In October of 2012 I had my HSG. They told me I had what they thought was scar tissue in my fallopian tubes. They were able to clear it with the pressure of passing the dye. Everything else is clear. Robs SA came back with great numbers and my ob/gyn says in the months after an HSG you are more likely to get pregnant. We grab more OPKs and are still expecting the best.
In the months that follow literally everyone around us falls pregnant. I don't want this to sound like we are mad or upset with them at all. We are extremely happy for our friends and family. It does weigh on us though. Why not us? Why not yet? What more do we need to do?
In January 2013 I make an appointment with the local RE. We have a ton of blood work and tests.
Basically I have recently been diagnosed with A-typical PCOS- I do ovulate, but not all the time. I have weird cycles, but I can also have normal cycles. They can be long, they can be short, and they can be right on time. I have high testosterone and DHEAS and low progesterone.

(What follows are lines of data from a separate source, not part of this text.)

lemma subspace_cyclic_code:
  assumes "0 < n" and "finite Z" and "Z \<subseteq> roots_of_unity n"
  shows "word_space.subspace (cyclic_code n Z)"
  by (rule word_space.subspaceI)
    (auto simp: cyclic_code_eq_zeros[OF assms] words_def eval_word_def scale_word_def
      sum.distrib distrib_right mult.assoc simp flip: sum_distrib_left)

lemma coeff_mult_generator_poly_in_cyclic_code:
  assumes "0 < n" and "finite Z" and "Z \<subseteq> roots_of_unity n"
    and "degree (h * generator_poly Z) < n"
  shows "coeff (h * generator_poly Z) \<in> cyclic_code n Z"
  using assms by (simp add: cyclic_code_eq_zeros coeff_in_words eval_word_coeff
      poly_generator_poly_eq_0_iff)

definition generator_multiple :: "'a::field set \<Rightarrow> nat \<Rightarrow> nat \<Rightarrow> 'a" where
  "generator_multiple Z j = coeff (monom 1 j * generator_poly Z)"

lemma sum_scale_generator_multiple:
  "(\<Sum>j<k. scale_word (u j) (generator_multiple Z j))
     = coeff ((\<Sum>j<k. monom (u j) j) * generator_poly Z)"
  by (auto simp: fun_eq_iff sum_fun_apply scale_word_def coeff_sum sum_distrib_right
      coeff_monom_mult generator_multiple_def intro!: sum.cong)

lemma inj_generator_multiple: "finite Z \<Longrightarrow> inj (generator_multiple Z)"
  by (rule injI)
    (simp add: generator_multiple_def coeff_inject generator_poly_nonzero monom_eq_iff')
(* Let $\mathcal{G}=\langle V,E,T\rangle$ be an OMVPP $k$-grabbing pawn game and let $c$ be an initial configuration from which Player 1 wins. Then Player 1 has a strategy such that, for every Player 2 strategy, the resulting play reaches a vertex of $T$ within $|V|\cdot(k+1)$ rounds.
   Context: A pawn game with $d$ pawns consists of a finite directed graph $(V,E)$, a target set $T\subseteq V$, and sets $V_1,\dots,V_d\subseteq V$ with $V_1\cup\dots\cup V_d=V$ (possibly overlapping: OMVPP), where Pawn $j$ owns $V_j$. Player 1 moves the token from $v$ (along an edge) iff he controls at least one pawn owning $v$; otherwise Player 2 moves. In the $k$-grabbing mechanism, configurations are $\langle v,P,r\rangle$ with $v$ the token position, $P\subseteq[d]$ the pawns controlled by Player 1, and $r\in\{0,\dots,k\}$ the number of remaining grabs; initially $r=k$. A round consists of one move of the token followed by Player 1's option to grab: either do nothing or, if $r>0$, take a pawn $j\notin P$, moving to $P\cup\{j\}$ and $r-1$; grabbed pawns stay with Player 1 forever and Player 2 never grabs. Player 1 wins a play iff it visits $T$; Player 1 wins from a configuration if he has a strategy winning against all Player 2 strategies. *)

theory Defs
  imports Main
begin

text \<open>Configurations: token position, set of pawns controlled by Player 1, remaining grabs.\<close>
type_synonym 'v config = "'v \<times> nat set \<times> nat"

text \<open>An OMVPP pawn game with pawns 1..d; Own j is the set of vertices owned by pawn j
 (owner sets may overlap).  As usual for such games, every vertex has a successor.\<close>
definition pawn_game :: "'v set \<Rightarrow> ('v \<times> 'v) set \<Rightarrow> 'v set \<Rightarrow> nat \<Rightarrow> (nat \<Rightarrow> 'v set) \<Rightarrow> bool" where
  "pawn_game V E T d Own \<longleftrightarrow> finite V \<and> E \<subseteq> V \<times> V \<and> T \<subseteq> V
     \<and> (\<forall>v\<in>V. \<exists>u. (v, u) \<in> E) \<and> (\<Union>j\<in>{1..d}. Own j) = V"

definition p1_moves :: "(nat \<Rightarrow> 'v set) \<Rightarrow> nat set \<Rightarrow> 'v \<Rightarrow> bool" where
  "p1_moves Own P v \<longleftrightarrow> (\<exists>j\<in>P. v \<in> Own j)"

text \<open>A Player 1 strategy: a move function on histories (lists of round-start
 configurations) and a grab function depending on the history and the new token position.\<close>
type_synonym 'v strat1 = "('v config list \<Rightarrow> 'v) \<times> ('v config list \<Rightarrow> 'v \<Rightarrow> nat option)"
type_synonym 'v strat2 = "'v config list \<Rightarrow> 'v"
lemma flow_balanced_distribution_exists:
  fixes T :: "'t set" and w :: "'t \<Rightarrow> 't \<Rightarrow> real"
  assumes T: "finite T" "T \<noteq> {}" and w: "\<And>a b. a \<in> T \<Longrightarrow> b \<in> T \<Longrightarrow> 0 \<le> w a b"
  shows "\<exists>q\<in>prob_simplex T. flow_balanced T w q"
proof -
  let ?G = "rate_generator T w"
  text \<open>Ville's alternative for the equations \<open>?G q = 0\<close>, written as two inequalities each.\<close>
  define A where "A = (\<lambda>(b, pos) a. if pos then ?G b a else - ?G b a)"
  have "finite (T \<times> (UNIV :: bool set))" using T(1) by simp
  from ville_alternative[OF T this, of A] show ?thesis
  proof
    assume "\<exists>q\<in>prob_simplex T. \<forall>i\<in>T \<times> UNIV. 0 \<le> (\<Sum>t\<in>T. A i t * q t)"
    then obtain q where q: "q \<in> prob_simplex T"
      and Aq: "\<And>i. i \<in> T \<times> UNIV \<Longrightarrow> 0 \<le> (\<Sum>t\<in>T. A i t * q t)" by blast
    have "(\<Sum>a\<in>T. q a * ?G b a) = 0" if "b \<in> T" for b
      using Aq[of "(b, True)"] Aq[of "(b, False)"] that
      by (simp add: A_def sum_negf mult.commute)
    with q T(1) show ?thesis by (auto simp: flow_balanced_iff_rate_generator)
  next
    assume "\<exists>y. (\<forall>i\<in>T \<times> UNIV. 0 \<le> y i) \<and> (\<forall>t\<in>T. (\<Sum>i\<in>T \<times> UNIV. y i * A i t) < 0)"
    then obtain y where yA: "\<And>t. t \<in> T \<Longrightarrow> (\<Sum>i\<in>T \<times> UNIV. y i * A i t) < 0" by blast
    define z where "z b = y (b, False) - y (b, True)" for b
    have yA_eq: "(\<Sum>i\<in>T \<times> UNIV. y i * A i t) = - (\<Sum>b\<in>T. z b * ?G b t)" for t
    proof -
      have "(\<Sum>i\<in>T \<times> UNIV. y i * A i t) = (\<Sum>b\<in>T. \<Sum>pos\<in>UNIV. y (b, pos) * A (b, pos) t)"
        by (simp add: sum.cartesian_product case_prod_unfold)
      also have "\<dots> = (\<Sum>b\<in>T. - (z b * ?G b t))"
        by (intro sum.cong) (simp_all add: UNIV_bool A_def z_def left_diff_distrib)
      finally show ?thesis by (simp add: sum_negf)
    qed
    have increments_pos: "0 < (\<Sum>b\<in>T. w t b * (z b - z t))" if "t \<in> T" for t
      using yA[OF that] yA_eq[of t] sum_rate_generator_mult[OF T(1) that, where z = z and w = w]
      by linarith
    obtain t where "t \<in> T" "(\<Sum>b\<in>T. w t b * (z b - z t)) \<le> 0"
      using ex_weighted_increments_nonpos[where T = T and w = w and z = z] T w by blast
    with increments_pos[of t] show ?thesis by linarith
  qed
qed

section \<open>Existence of correlated equilibria\<close>

definition regret :: "('p \<Rightarrow> ('p \<Rightarrow> 's) \<Rightarrow> real) \<Rightarrow> 'p \<Rightarrow> 's \<Rightarrow> 's \<Rightarrow> ('p \<Rightarrow> 's) \<Rightarrow> real" where
  "regret u p a b s = (if s p = a then u p s - u p (s(p := b)) else 0)"

lemma regret_self [simp]: "regret u p a a s = 0"
  by (auto simp: regret_def)

lemma distributions_eq_prob_simplex: "distributions N S = prob_simplex (profiles N S)"
  by (simp add: distributions_def prob_simplex_def)

lemma finite_profiles: "finite_game N S \<Longrightarrow> finite (profiles N S)"
  by (auto simp: finite_game_def profiles_def intro!: finite_PiE)

lemma profiles_nonempty: "finite_game N S \<Longrightarrow> profiles N S \<noteq> {}"
  by (auto simp: finite_game_def profiles_def PiE_eq_empty_iff)

text \<open>The constraints with \<open>a = b\<close> vanish identically, so the side condition \<open>a \<noteq> b\<close> of
  \<open>CE_set\<close> can be dropped.\<close>
lemma CE_set_eq_regret:
  assumes "finite (profiles N S)"
  shows "CE_set N S u P = {x \<in> distributions N S.
    \<forall>p\<in>P. \<forall>a\<in>S p. \<forall>b\<in>S p. 0 \<le> (\<Sum>s\<in>profiles N S. x s * regret u p a b s)}"
proof -
  have regret_sum: "(\<Sum>s\<in>profiles N S. x s * regret u p a b s)
      = (\<Sum>s\<in>{s\<in>profiles N S. s p = a}. x s * (u p s - u p (s(p := b))))" for x p a b
  proof -
    have "(\<Sum>s\<in>profiles N S. x s * regret u p a b s)
        = (\<Sum>s\<in>profiles N S. if s p = a then x s * (u p s - u p (s(p := b))) else 0)"
      by (rule sum.cong) (simp_all add: regret_def)
    then show ?thesis by (simp add: sum.inter_filter[OF assms])
  qed
  have diagonal: "(\<Sum>s\<in>profiles N S. x s * regret u p a a s) = 0" for x p a
    by simp
  show ?thesis
    unfolding CE_set_def regret_sum[symmetric] by (auto, metis diagonal order_refl)
qed

lemma sum_PiE_fun_upd_reindex:
  assumes "p \<in> N" "a \<in> S p" "b \<in> S p"
  shows "(\<Sum>s\<in>{s\<in>PiE N S. s p = a}. g (s(p := b))) = (\<Sum>t\<in>{t\<in>PiE N S. t p = b}. g t)"
proof -
  have "bij_betw (\<lambda>s. s(p := b)) {s\<in>PiE N S. s p = a} {t\<in>PiE N S. t p = b}"
    by (rule bij_betw_byWitness[where f' = "\<lambda>t. t(p := a)"])
       (use assms in \<open>auto simp: PiE_iff extensional_def\<close>)
  then show ?thesis by (rule sum.reindex_bij_betw)
qed

definition mixed_payoff ::
  "'p set \<Rightarrow> ('p \<Rightarrow> 's set) \<Rightarrow> ('p \<Rightarrow> ('p \<Rightarrow> 's) \<Rightarrow> real) \<Rightarrow> ('p \<Rightarrow> 's \<Rightarrow> real) \<Rightarrow> 'p \<Rightarrow> 's \<Rightarrow> real"
  where "mixed_payoff N S u q p c = (\<Sum>t\<in>{t\<in>PiE N S. t p = c}. (\<Prod>r\<in>N - {p}. q r (t r)) * u p t)"

lemma sum_product_regret:
  assumes N: "finite N" and p: "p \<in> N" and a: "a \<in> S p" and b: "b \<in> S p"
    and S: "\<And>r. r \<in> N \<Longrightarrow> finite (S r)"
  shows "(\<Sum>s\<in>PiE N S. (\<Prod>r\<in>N. q r (s r)) * regret u p a b s)
       = q p a * (mixed_payoff N S u q p a - mixed_payoff N S u q p b)"
proof -
  define R where "R s = (\<Prod>r\<in>N - {p}. q r (s r))" for s
  have Q_split: "(\<Prod>r\<in>N. q r (s r)) = q p (s p) * R s" for s
    unfolding R_def by (rule prod.remove[OF N p])
  have R_upd: "R (s(p := c)) = R s" for s c
    unfolding R_def by (rule prod.cong) auto
  have fin: "finite (PiE N S)" using N S by (simp add: finite_PiE)
  have "(\<Sum>s\<in>PiE N S. (\<Prod>r\<in>N. q r (s r)) * regret u p a b s)
      = (\<Sum>s\<in>PiE N S. if s p = a
          then q p a * (R s * u p s) - q p a * (R (s(p := b)) * u p (s(p := b))) else 0)"
    by (rule sum.cong) (auto simp: regret_def Q_split R_upd algebra_simps)
  also have "\<dots> = (\<Sum>s\<in>{s\<in>PiE N S. s p = a}.
      q p a * (R s * u p s) - q p a * (R (s(p := b)) * u p (s(p := b))))"
    by (rule sum.inter_filter[OF fin, symmetric])
  also have "\<dots> = q p a * (\<Sum>s\<in>{s\<in>PiE N S. s p = a}. R s * u p s)
      - q p a * (\<Sum>s\<in>{s\<in>PiE N S. s p = a}. R (s(p := b)) * u p (s(p := b)))"
    by (simp only: sum_subtractf sum_distrib_left)
  also have "(\<Sum>s\<in>{s\<in>PiE N S. s p = a}. R (s(p := b)) * u p (s(p := b)))
      = mixed_payoff N S u q p b"
    unfolding mixed_payoff_def R_def[symmetric]
    by (rule sum_PiE_fun_upd_reindex[where N = N and S = S, OF p a b])
  finally show ?thesis by (simp add: mixed_payoff_def R_def right_diff_distrib)
qed

text \<open>Flow balance makes the payoff of every strategy enter with equal inflow and outflow.\<close>
lemma sum_weighted_regret_flow_balanced:
  assumes N: "finite N" and p: "p \<in> N" and S: "\<And>r. r \<in> N \<Longrightarrow> finite (S r)"
    and bal: "flow_balanced (S p) w (q p)"
  shows "(\<Sum>(a, b)\<in>S p \<times> S p. w a b * (\<Sum>s\<in>PiE N S. (\<Prod>r\<in>N. q r (s r)) * regret u p a b s)) = 0"
proof -
  let ?H = "mixed_payoff N S u q p"
  have "(\<Sum>(a, b)\<in>S p \<times> S p. w a b * (\<Sum>s\<in>PiE N S. (\<Prod>r\<in>N. q r (s r)) * regret u p a b s))
      = (\<Sum>a\<in>S p. \<Sum>b\<in>S p. w a b * (q p a * (?H a - ?H b)))"
    unfolding sum.cartesian_product[symmetric]
  proof (intro sum.cong refl)
    fix a b assume "a \<in> S p" "b \<in> S p"
    from sum_product_regret[where S = S, OF N p this S]
    show "w a b * (\<Sum>s\<in>PiE N S. (\<Prod>r\<in>N. q r (s r)) * regret u p a b s)
        = w a b * (q p a * (?H a - ?H b))"
      by simp
  qed
  also have "\<dots> = (\<Sum>a\<in>S p. \<Sum>b\<in>S p. ?H a * (q p a * w a b))
      - (\<Sum>a\<in>S p. \<Sum>b\<in>S p. ?H b * (q p a * w a b))"
    by (simp add: sum_subtractf algebra_simps)
  also have "(\<Sum>a\<in>S p. \<Sum>b\<in>S p. ?H b * (q p a * w a b)) = (\<Sum>b\<in>S p. ?H b * (\<Sum>a\<in>S p. q p a * w a b))"
    by (subst sum.swap) (simp add: sum_distrib_left)
  also have "\<dots> = (\<Sum>b\<in>S p. ?H b * (q p b * (\<Sum>a\<in>S p. w b a)))"
    using bal by (intro sum.cong refl) (simp add: flow_balanced_def)
  also have "(\<Sum>a\<in>S p. \<Sum>b\<in>S p. ?H a * (q p a * w a b)) = (\<Sum>a\<in>S p. ?H a * (q p a * (\<Sum>b\<in>S p. w a b)))"
    by (simp add: sum_distrib_left)
  finally show ?thesis by simp
qed

lemma sum_PiE_prod_eq_1:
  assumes "finite N" "\<And>r. r \<in> N \<Longrightarrow> finite (S r)" "\<And>r. r \<in> N \<Longrightarrow> sum (q r) (S r) = 1"
  shows "(\<Sum>s\<in>PiE N S. \<Prod>r\<in>N. q r (s r)) = (1 :: real)"
  using prod_sum_PiE[where A = N and B = S and f = q] assms by simp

I am started on Dexamethasone .25mg every day to help with the male hormones that are high in my system.
In April 2013 we do a Clomid 100mg cycle with IUI- BFN, possible I didn't ovulate my progesterone was very low.
In May 2013 we do a Clomid 150mg cycle with IUI, definitely ovulated but my progesterone is still very low.
In June 2013 we do a Clomid 150mg cycle with IUI and Progesterone after ovulation- BFN Progesterone comes back great, but still not pregnant.
July 2013 we come up with a new plan of starting injectables and I start fertility acupuncture. I want to get my mind settled and help with some of the emotions I am feeling.
That brings us right here to August. We are in the middle of a Menopur Cycle and praying that one of my follicles matures.
This journey has been long and full of emotions. It has wrecked havoc on some friendships and it has also garnered new friendships. My faith has been strengthened and I have prayed more over the last few years than I have during my lifetime.
I know that there is something more that we have yet to see from this struggle and someday we will understand it all. For now I am working on keeping my faith and marriage strong and working towards our future whatever it may hold. We both know we want to be parents and we will do whatever we have to in order to reach that goal.
Rob recently lost his job and the stress has been rough on us. I think our marriage is stronger now than it was when things were easy and carefree. We are currently in the process of assessing our life here in New Jersey and contemplating a major move away.
I've been leaning on my bloggy friends for support and I am so glad I have you all here for me when I am stressed or sad or worried or just plain crazy. This community is amazing and if you haven't joined in yet and are just lurking- trust me- these people will help pick you up when you are down. Im lucky to call you guys my friends and have you on this journey with me.